I agree with you LazyManc but tbh, until the user agent vendors (as in M$) bother to get off their asses and make a standards compliant browser instead of cocking everything up for everyone, we are all sat waiting.

This monopoly (even if it isn't a monopoly, it is a *mind* monopoly) is really starting to aggravate me, so sick of normally intelligent people using internet explorer out of habit and wondering why things are going to crap. I was forced to use Vista on my brothers PC over christmas and it was such a pile of crap, it didn't even recognise USB keys but kept popping up "asking for permission" to do normal things. But hey, thats my little rant on M$.

If people can't understand that business does *not* automatically equal quality of software, then screw them. Why should I pay for their ignorance?
 
Thing is, right now people should be using, at least, IE7 (by at least, I mean IE7 or any browser that's better - guess it's better to say not IE6, but now I'm labouring the point!). If they are happy with the horrible version of the internet that IE6 serves (and it IS horrible - the way sites render in comparison with Firefox/IE7/Opera is nowhere near as good), then that's their problem.
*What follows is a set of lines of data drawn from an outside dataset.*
(* Let $X$ and $Y$ be Hilbert spaces, let $A:X\to Y$ be a bounded linear operator with adjoint $A^\ast$, let $x^\dagger\in X$, put $y:=Ax^\dagger$, and define $f:X\to\mathbb{R}$ by $f(x):=\|Ax-y\|^2$, so that $\nabla f(x)=2A^\ast(Ax-y)$. Let $\mu>0$ and let $x\in X$ satisfy $x-x^\dagger=(A^\ast A)^\mu w$ for some $w\in X$. Then $$\|Ax-y\|^{\frac{2\mu+2}{2\mu+1}}\;\le\;\|w\|^{\frac{1}{2\mu+1}}\,\|A^\ast(Ax-y)\|.$$ Equivalently, the source condition implies a Kurdyka–Łojasiewicz inequality of the form $\varphi'\big(f(x)-f(x^\dagger)\big)\,\|\nabla f(x)\|\ge \frac{1}{k}$ (whenever $f(x)>0$) with desingularizing function $\varphi(t)=c\,t^{\frac{\mu}{2\mu+1}}$, where the constants $c,k>0$ depend only on $\mu$ and $\|w\|$.
   Context: $(A^\ast A)^\mu$ denotes the fractional power of the self-adjoint nonnegative operator $A^\ast A$ defined via spectral calculus. Note $f(x^\dagger)=0$, so $x^\dagger$ minimizes $f$. A smooth index (desingularizing) function is $\varphi\in C[0,\bar r)\cap C^1(0,\bar r)$ with $\varphi(0)=0$ and $\varphi'>0$ on $(0,\bar r)$. *)

theory Defs
  imports "HOL-Analysis.Analysis" "HOL-Computational_Algebra.Polynomial"
begin

definition poly_op :: "real poly \<Rightarrow> ('a::real_vector \<Rightarrow> 'a) \<Rightarrow> 'a \<Rightarrow> 'a" where
  "poly_op p T x = (\<Sum>i\<le>degree p. coeff p i *\<^sub>R (T ^^ i) x)"

text \<open>Fractional power T^mu of a nonnegative self-adjoint bounded operator T via the
  (continuous) spectral calculus: for any sequence of real polynomials p_n converging
  uniformly to t powr mu on [0, norm T] (which contains the spectrum of T),
  T^mu x is the limit of p_n(T) x.\<close>
definition frac_power :: "('a::real_inner \<Rightarrow> 'a) \<Rightarrow> real \<Rightarrow> 'a \<Rightarrow> 'a" where
  "frac_power T \<mu> x =
     (THE v. \<forall>p :: nat \<Rightarrow> real poly.
        uniform_limit {0..onorm T} (\<lambda>n t. poly (p n) t) (\<lambda>t. t powr \<mu>) sequentially
        \<longrightarrow> (\<lambda>n. poly_op (p n) T x) \<longlonglongrightarrow> v)"
text \<open>In both halves of the greatest-lower-bound property the leading fundamental monomial
  \<open>c\<close> of a positive quotient is also leading for a second quotient, with the opposite
  sign, because \<open>\<alpha>/\<theta>\<^sub>c\<close> has no exponents at or above \<open>c\<close>.\<close>
lemma mle_theta_if_no_solution:
  assumes \<alpha>: "\<alpha> \<in> G" and none: "\<forall>y\<in>Phi. \<not> is_maxsupp (mdiv \<alpha> (theta D y)) y"
    and x: "x \<in> Phi"
  shows "mle \<alpha> (theta D x)"
proof (rule ccontr)
  note vanish = quotient_vanishes_above_if_no_solution[OF \<alpha> none]
  assume "\<not> mle \<alpha> (theta D x)"
  then have "mpos (mdiv \<alpha> (theta D x))"
    using mle_or_mless[OF \<alpha> theta_in_G[OF x]] unfolding mless_def by blast
  then obtain c where top: "is_maxsupp (mdiv \<alpha> (theta D x)) c"
    and pos: "0 < mdiv \<alpha> (theta D x) c" and c: "c \<in> Phi"
    using mpos_hahn_is_maxsupp G_hahn G_mdiv \<alpha> theta_in_G x by metis
  have "c < x"
    using vanish[OF x] top unfolding is_maxsupp_def by (metis not_le)
  have "mdiv (theta D x) (theta D c) = mmul (minv (mdiv \<alpha> (theta D x))) (mdiv \<alpha> (theta D c))"
    by (simp add: fun_eq_iff)
  then have "is_maxsupp (mdiv (theta D x) (theta D c)) c"
    using top vanish[OF c] by (simp add: is_maxsupp_mmul_vanishing)
  then have "\<not> mpos (mdiv (theta D x) (theta D c))"
    using pos vanish[OF c order_refl] by (simp add: mpos_iff_is_maxsupp)
  then show False
    using theta_strict_mono[OF c x \<open>c < x\<close>] unfolding mless_def by blast
qed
I've probably said this before on here, but I think it's a valid way to work. I've taken to implementing a bare-minimum approach to IE6. Make it work, make sure it doesn't look like thisiswalsall, then put it away. Why should you spend stupid portions of development time on a browser only used by people who don't care enough about how the internet looks to use a decent browser?! give your time to the people that want to see it properly. To my mind, it would be totally foolish to just *drop* support for IE6 because, as everyone knows, they've still got a ridiculous market share - the site should simply work (create an IE6 design if need be - something simpler that doesn't stifle your creativity and make other users lose out). I've also implemented a small reminder box for new visitors - nothing intrusive, just a "your viewing experience could be improved by upgrading your browser regularly. you might also like to try these for further improvement" type thing. If they say "don't care" then they're never bothered again, as long as they use that IP address/cookie.
 
I agree with you LazyManc but tbh, until the user agent vendors (as in M$) bother to get off their asses and make a standards compliant browser instead of cocking everything up for everyone, we are all sat waiting.

It is getting better slowly - IE7 is a step in the right direction, and the noises coming out of the IE team show that they are making a proper effort. Hopefully we'll continue to see improvements with IE8 (Acid2 is a great start) - IE's major problem now is having to keep backwards compatibility with all the mistakes they made in previous versions.

Bear in mind that MS is a massive corporation and I'm pretty sure the Silverlight team is a completely seperate entity from IE - we can't blame the latter for the former.

The W3C should be like the British Standards Institute - they create a standard, and the manufacturers make a product to meet that standard. If the product is up to scratch, it gets certified (e.g. the kite mark logo), if it doesn't, then a big deal can be made about it not working correctly and the manufacturer can be shamed into fixing it.

The way it's worked in the past is more like:

W3C: "hey guys, we've got these, like, recommendation things, what do you think?"

Moz: "hey, that looks great, we'll get on it as soon as we've fixed these memory leaks"

IE: "erm... well.. we've already kind of got this one but its called something else and we don't really want to change it, and that other thing is just plain daft, and this one will take too long, so we'll leave it out for now"

OP: "Is that all you've got? C'mon, where's the rest? Man, I hate that IE fella, he eats babies, honest"

W3C: "oh right, cool, so you'll call me? ....Guys?"
 
The first time I installed Silverlight plugin it crashed my computer several times.. Hate it!